___ EXERCISE INPUTS

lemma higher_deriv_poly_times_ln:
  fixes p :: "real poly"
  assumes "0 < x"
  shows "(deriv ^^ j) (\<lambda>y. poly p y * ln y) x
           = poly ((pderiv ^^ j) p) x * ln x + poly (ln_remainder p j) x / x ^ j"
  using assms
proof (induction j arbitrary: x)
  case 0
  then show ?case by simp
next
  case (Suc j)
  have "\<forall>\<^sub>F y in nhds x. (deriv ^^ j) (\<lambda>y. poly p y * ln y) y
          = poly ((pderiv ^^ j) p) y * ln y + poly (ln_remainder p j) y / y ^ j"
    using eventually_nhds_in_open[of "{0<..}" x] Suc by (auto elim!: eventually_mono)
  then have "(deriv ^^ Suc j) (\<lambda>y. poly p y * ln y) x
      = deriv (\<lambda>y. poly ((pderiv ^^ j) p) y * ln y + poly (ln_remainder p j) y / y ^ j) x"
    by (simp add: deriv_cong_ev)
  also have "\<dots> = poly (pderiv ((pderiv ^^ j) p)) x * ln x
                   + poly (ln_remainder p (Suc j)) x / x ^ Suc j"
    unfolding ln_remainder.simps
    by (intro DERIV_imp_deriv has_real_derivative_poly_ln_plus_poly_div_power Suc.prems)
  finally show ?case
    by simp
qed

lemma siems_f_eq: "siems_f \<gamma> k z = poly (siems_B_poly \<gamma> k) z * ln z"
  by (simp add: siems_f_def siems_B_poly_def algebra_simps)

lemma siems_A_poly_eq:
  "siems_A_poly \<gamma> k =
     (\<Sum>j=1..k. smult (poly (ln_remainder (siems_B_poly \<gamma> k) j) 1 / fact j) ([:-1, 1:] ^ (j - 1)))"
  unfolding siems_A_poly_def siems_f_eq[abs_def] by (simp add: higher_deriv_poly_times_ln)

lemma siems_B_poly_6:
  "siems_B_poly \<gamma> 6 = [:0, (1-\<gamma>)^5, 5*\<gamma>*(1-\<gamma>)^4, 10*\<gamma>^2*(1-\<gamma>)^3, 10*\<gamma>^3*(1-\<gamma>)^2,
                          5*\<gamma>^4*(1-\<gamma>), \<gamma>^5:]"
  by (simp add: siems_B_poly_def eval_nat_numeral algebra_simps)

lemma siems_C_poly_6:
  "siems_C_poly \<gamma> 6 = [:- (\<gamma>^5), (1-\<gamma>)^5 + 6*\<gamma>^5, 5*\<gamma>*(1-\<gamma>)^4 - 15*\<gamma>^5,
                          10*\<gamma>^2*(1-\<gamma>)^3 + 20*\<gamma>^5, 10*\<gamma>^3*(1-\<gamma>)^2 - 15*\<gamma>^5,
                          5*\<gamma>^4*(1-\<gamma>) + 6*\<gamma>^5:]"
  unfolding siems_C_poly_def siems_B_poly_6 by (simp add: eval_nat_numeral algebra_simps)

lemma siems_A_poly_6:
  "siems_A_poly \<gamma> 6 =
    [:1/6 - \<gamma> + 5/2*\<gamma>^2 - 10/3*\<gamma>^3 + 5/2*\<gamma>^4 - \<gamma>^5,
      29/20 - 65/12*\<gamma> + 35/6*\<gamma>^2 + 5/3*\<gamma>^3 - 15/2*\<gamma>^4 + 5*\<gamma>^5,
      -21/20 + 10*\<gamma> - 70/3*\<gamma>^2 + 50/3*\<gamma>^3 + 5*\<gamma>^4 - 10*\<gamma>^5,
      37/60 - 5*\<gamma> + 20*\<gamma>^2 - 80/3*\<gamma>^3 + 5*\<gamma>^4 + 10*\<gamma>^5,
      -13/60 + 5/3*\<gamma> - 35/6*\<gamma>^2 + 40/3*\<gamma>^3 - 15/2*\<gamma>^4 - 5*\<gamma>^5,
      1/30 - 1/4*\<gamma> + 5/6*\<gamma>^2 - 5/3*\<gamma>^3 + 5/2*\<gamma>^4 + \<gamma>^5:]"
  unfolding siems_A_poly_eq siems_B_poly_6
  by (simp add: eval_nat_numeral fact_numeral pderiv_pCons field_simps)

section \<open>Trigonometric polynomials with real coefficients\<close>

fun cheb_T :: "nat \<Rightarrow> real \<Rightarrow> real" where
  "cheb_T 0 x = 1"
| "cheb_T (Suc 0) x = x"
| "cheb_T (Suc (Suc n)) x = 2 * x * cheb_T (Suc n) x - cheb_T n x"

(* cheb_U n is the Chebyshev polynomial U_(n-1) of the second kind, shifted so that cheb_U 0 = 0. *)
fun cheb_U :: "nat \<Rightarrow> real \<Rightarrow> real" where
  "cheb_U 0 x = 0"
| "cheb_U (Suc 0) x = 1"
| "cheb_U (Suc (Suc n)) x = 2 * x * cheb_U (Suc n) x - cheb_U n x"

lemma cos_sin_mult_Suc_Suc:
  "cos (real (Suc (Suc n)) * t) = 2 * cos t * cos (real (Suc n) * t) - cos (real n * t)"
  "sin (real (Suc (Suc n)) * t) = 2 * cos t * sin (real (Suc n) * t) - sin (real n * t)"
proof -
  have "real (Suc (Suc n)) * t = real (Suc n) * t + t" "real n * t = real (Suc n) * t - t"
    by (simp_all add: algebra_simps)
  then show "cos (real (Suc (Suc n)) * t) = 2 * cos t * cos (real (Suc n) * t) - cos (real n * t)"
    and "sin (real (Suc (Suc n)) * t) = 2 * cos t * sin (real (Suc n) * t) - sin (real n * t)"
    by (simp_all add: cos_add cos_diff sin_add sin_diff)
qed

______

Restate the data word for word. Begin at its first line, end at the line that contains "then show ?case by simp", and include both.

[ANSWER AREA]
lemma higher_deriv_poly_times_ln:
  fixes p :: "real poly"
  assumes "0 < x"
  shows "(deriv ^^ j) (\<lambda>y. poly p y * ln y) x
           = poly ((pderiv ^^ j) p) x * ln x + poly (ln_remainder p j) x / x ^ j"
  using assms
proof (induction j arbitrary: x)
  case 0
  then show ?case by simp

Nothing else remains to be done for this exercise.